(Data records begins)

lemma semiring_congruence_rees:
  assumes "bi_ideal I"
  shows "semiring_congruence S add mul (Id_on S \<union> I \<times> I)"
proof -
  have "I \<subseteq> S"
    and absorb: "\<And>x c. x \<in> I \<Longrightarrow> c \<in> S \<Longrightarrow> add c x \<in> I \<and> add x c \<in> I \<and> mul c x \<in> I \<and> mul x c \<in> I"
    using assms unfolding bi_ideal_def by blast+
  then have "equiv S (Id_on S \<union> I \<times> I)"
    unfolding equiv_def refl_on_def sym_def trans_def by blast
  moreover have "(add c x1, add c x2) \<in> Id_on S \<union> I \<times> I \<and> (add x1 c, add x2 c) \<in> Id_on S \<union> I \<times> I \<and>
      (mul c x1, mul c x2) \<in> Id_on S \<union> I \<times> I \<and> (mul x1 c, mul x2 c) \<in> Id_on S \<union> I \<times> I"
    if "(x1, x2) \<in> Id_on S \<union> I \<times> I" "c \<in> S" for x1 x2 c
  proof -
    from that(1) consider "x1 = x2" "x1 \<in> S" | "x1 \<in> I" "x2 \<in> I"
      by blast
    then show ?thesis
    proof cases
      case 1
      then show ?thesis using \<open>c \<in> S\<close> by (simp add: Id_on_iff add_closed mul_closed)
    next
      case 2
      then show ?thesis using absorb \<open>c \<in> S\<close> by blast
    qed
  qed
  ultimately show ?thesis
    unfolding semiring_congruence_def by blast
qed

lemma bi_ideal_subsingleton_or_carrier:
  assumes "congruence_simple S add mul" "bi_ideal I"
  shows "(\<forall>x\<in>I. \<forall>y\<in>I. x = y) \<or> I = S"
proof -
  have "I \<subseteq> S"
    using assms(2) unfolding bi_ideal_def by blast
  have "Id_on S \<union> I \<times> I = Id_on S \<or> Id_on S \<union> I \<times> I = S \<times> S"
    using assms semiring_congruence_rees unfolding congruence_simple_def by blast
  then show ?thesis
  proof
    assume "Id_on S \<union> I \<times> I = Id_on S"
    then have "I \<times> I \<subseteq> Id_on S"
      by blast
    then show ?thesis
      by blast
  next
    assume full: "Id_on S \<union> I \<times> I = S \<times> S"
    have "y = x" if "x \<in> S - I" "y \<in> S" for x y
    proof -
      have "(x, y) \<in> Id_on S \<union> I \<times> I"
        using full that by blast
      then show ?thesis
        using that(1) by blast
    qed
    then show ?thesis
      using \<open>I \<subseteq> S\<close> by blast
  qed
qed

lemma add_eq_infinity_if_sumset_subsingleton:
  assumes "is_infinity S add mul w" "\<forall>x\<in>sumset. \<forall>y\<in>sumset. x = y"
  shows "\<forall>x\<in>S. \<forall>y\<in>S. add x y = w"
proof (intro ballI)
  fix x y
  assume "x \<in> S" "y \<in> S"
  then have "add x y \<in> sumset"
    unfolding sumset_def by blast
  moreover have "w = add w w" "w \<in> S"
    using assms(1) unfolding is_infinity_def by auto
  then have "w \<in> sumset"
    unfolding sumset_def by blast
  ultimately show "add x y = w"
    using assms(2) by blast
qed

lemma carrier_eq_infinity_if_multiple_eq_infinity:
  assumes "finite S" "is_infinity S add mul w" "sumset = S"
    and nil: "\<And>t. t \<in> S \<Longrightarrow> multiple N t = w"
  shows "S = {w}"
proof (rule ccontr)
  assume "S \<noteq> {w}"
  have "w \<in> S" and absorb: "\<And>v. v \<in> S \<Longrightarrow> add w v = w \<and> add v w = w"
    using assms(2) unfolding is_infinity_def by blast+
  with \<open>S \<noteq> {w}\<close> have nonempty: "S - {w} \<noteq> {}"
    by blast
  have split: "\<exists>u\<in>S. \<exists>v\<in>S - {w}. x = add u v" if "x \<in> S - {w}" for x
  proof -
    have "x \<in> sumset"
      using that \<open>sumset = S\<close> by simp
    then obtain u v where "u \<in> S" "v \<in> S" "x = add u v"
      unfolding sumset_def by blast
    moreover have "v \<noteq> w"
      using calculation that absorb by auto
    ultimately show ?thesis
      by blast
  qed
  obtain x t where "x \<in> S - {w}" "t \<in> S" "x = add t x"
    using exists_add_fixed_point[OF finite_Diff[OF \<open>finite S\<close>] Diff_subset nonempty split]
    by metis
  then have "x = add (multiple N t) x"
    by (intro fixed_by_add_multiple) auto
  then have "x = w"
    using nil absorb \<open>t \<in> S\<close> \<open>x \<in> S - {w}\<close> by simp
  with \<open>x \<in> S - {w}\<close> show False
    by blast
qed

lemma congruence_free_if_add_constant:
  assumes "congruence_simple S add mul" "w \<in> S" and add_const: "\<forall>x\<in>S. \<forall>y\<in>S. add x y = w"
  shows "congruence_free S mul"
  unfolding congruence_free_def
proof (intro allI impI)
  fix R
  assume R: "semigroup_congruence S mul R"
  then have "equiv S R"
    and mul_compat: "\<And>x1 x2 c. (x1, x2) \<in> R \<Longrightarrow> c \<in> S \<Longrightarrow> (mul c x1, mul c x2) \<in> R \<and> (mul x1 c, mul x2 c) \<in> R"
    unfolding semigroup_congruence_def by blast+
  then have "R \<subseteq> S \<times> S" "(w, w) \<in> R"
    using \<open>w \<in> S\<close> unfolding equiv_def refl_on_def by blast+
  then have "(add c x1, add c x2) \<in> R \<and> (add x1 c, add x2 c) \<in> R"
    if "(x1, x2) \<in> R" "c \<in> S" for x1 x2 c
    using that add_const by auto
  then have "semiring_congruence S add mul R"
    using \<open>equiv S R\<close> mul_compat unfolding semiring_congruence_def by blast
  then show "R = Id_on S \<or> R = S \<times> S"
    using assms(1) unfolding congruence_simple_def by blast
qed

end

locale add_comm_semiring_carrier = semiring_carrier +
  assumes add_commutative: "add_commutative_on S add"
begin

lemma add_commute: "x \<in> S \<Longrightarrow> y \<in> S \<Longrightarrow> add x y = add y x"
  using add_commutative unfolding add_commutative_on_def by blast

lemma add_left_commute: "x \<in> S \<Longrightarrow> y \<in> S \<Longrightarrow> z \<in> S \<Longrightarrow> add x (add y z) = add y (add x z)"
  by (metis add_assoc add_commute)

lemma multiple_add:
  assumes "x \<in> S" "y \<in> S"
  shows "multiple n (add x y) = add (multiple n x) (multiple n y)"
proof (induction n)
  case 0
  show ?case by simp
next
  case (Suc n)
  then show ?case
    using assms by (simp add: add_assoc add_left_commute add_closed multiple_closed)
qed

(Data records ends)

> _What to work on_:
From the lines above, copy those that contain the word "where".

> _Result of the task_:
    then obtain u v where "u \<in> S" "v \<in> S" "x = add u v"
  obtain x t where "x \<in> S - {w}" "t \<in> S" "x = add t x"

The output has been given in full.